So you can just add dash g manually to your GCC invocations, or you can also set this compiler-- or you can set this option in the makefile, CC_OPT_LEVEL and set that to CC_OPT_LEVEL_DEBUG. And that will do the same thing as adding dash g. All right?

Now we have a special version of gdb available for use on the Cell. ppu-gdb is used for debugging ppu and spu programs after they've been linked together. And how you invoke it if you're going to run your entire program using gdb is you type ppu-gdb and then the name of your program. And what you get is a gdb prompt where you can issue additional commands to the debugger to control execution of your program, and also ask the debugger to tell you various things about your program.

One thing you can do is export SPU_INFO=1 before you start your program. And that will print some extra debugging information about when threads are being created and destroyed.

Like I mentioned, you can also use gdb to attach to a program that's already running. And if you want to do that you still need to provide the executable name. And you also provide the process ID of the program to attach to.

PROFESSOR: Do people know how to get the process ID? [INAUDIBLE] How many people don't know? The easiest way to do it is if your program's running just type "top." And that'll actually show you what's running on your machine. And there'll be a column that has a process ID. Another thing you can do is just type "ps." We'll add those to the recitation slides. [INAUDIBLE].

PHIL: So I forgot to mention. If you're invoking your program with gdb, then after you type ppu-gdb with your executable name, gdb is just going to sit there and wait for instructions. And what you can do is type "run" and that will run your program normally. But the difference is that gdb will pick up and if something goes wrong. And then that's where you can step in and look at the program state.
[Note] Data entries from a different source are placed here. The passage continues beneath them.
definition similarity ::
  "('a \<Rightarrow> 'a \<Rightarrow> real) \<Rightarrow> ('a \<Rightarrow> 'a \<Rightarrow> real) \<Rightarrow> (('a \<Rightarrow> complex) \<Rightarrow> ('a \<Rightarrow> complex)) \<Rightarrow>
   (nat \<Rightarrow> ('a \<Rightarrow> 'a \<Rightarrow> complex) \<Rightarrow> ('a \<Rightarrow> 'a \<Rightarrow> complex)) \<Rightarrow> bool" where
  "similarity P Q \<rho> V \<longleftrightarrow>
     (\<forall>f\<in>linf. V 0 (diagm f) = diagm (\<rho> f)) \<and>
     (\<forall>n\<ge>1. bij_betw (V n) (Arv P n) (Arv Q n)) \<and>
     (\<forall>n\<ge>1. \<forall>A\<in>Arv P n. \<forall>B\<in>Arv P n.
         V n (\<lambda>i j. A i j + B i j) = (\<lambda>i j. V n A i j + V n B i j)) \<and>
     (\<forall>n\<ge>1. \<forall>c. \<forall>A\<in>Arv P n. V n (\<lambda>i j. c * A i j) = (\<lambda>i j. c * V n A i j)) \<and>
     (\<forall>n\<ge>1. \<forall>a\<in>linf. \<forall>b\<in>linf. \<forall>X\<in>Arv P n.
         V n (bimod a X b) = bimod (\<rho> a) (V n X) (\<rho> b)) \<and>
     (\<exists>C. \<forall>n\<ge>1. (\<forall>A\<in>Arv P n. arv_norm (V n A) \<le> C * arv_norm A) \<and>
                 (\<forall>B\<in>Arv Q n. arv_norm (inv_into (Arv P n) (V n) B) \<le> C * arv_norm B)) \<and>
     (\<forall>n m. \<forall>A\<in>Arv P n. \<forall>B\<in>Arv P m.
         V (n + m) (UP P n m A B) = UP Q n m (V n A) (V m B))"

end

theory Submission
  imports Defs
begin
So what kind of things can you figure out about your program? Anytime you have this gdb prompt and your program is running, you can type "bt" to get a stack trace for your program. And this will tell you which functions are calling which functions. It's going to give you a list of frames. And the top one is going to correspond to the deepest level of function nesting, or the deepest function call in the program. And of course, the last one on the list is going to be the main or the first function that was called. That make sense?

And for each stack frame gdb will tell you the name of the function. And if source code is available it will tell you also which file the function is running in right now, and at which line number. And so using that information you can figure out exactly where it was that this function called the next function and where was that each function called the next function after that.

Now whenever you've halted the program state, you can get information about what the local variables are. And to do that you can type "info locals" and it will print a list of all the local variables and their values. gdb, because it gets annotations from the compiled program, it knows about what data types are associated with which variables. And so it will be able to format the output appropriately.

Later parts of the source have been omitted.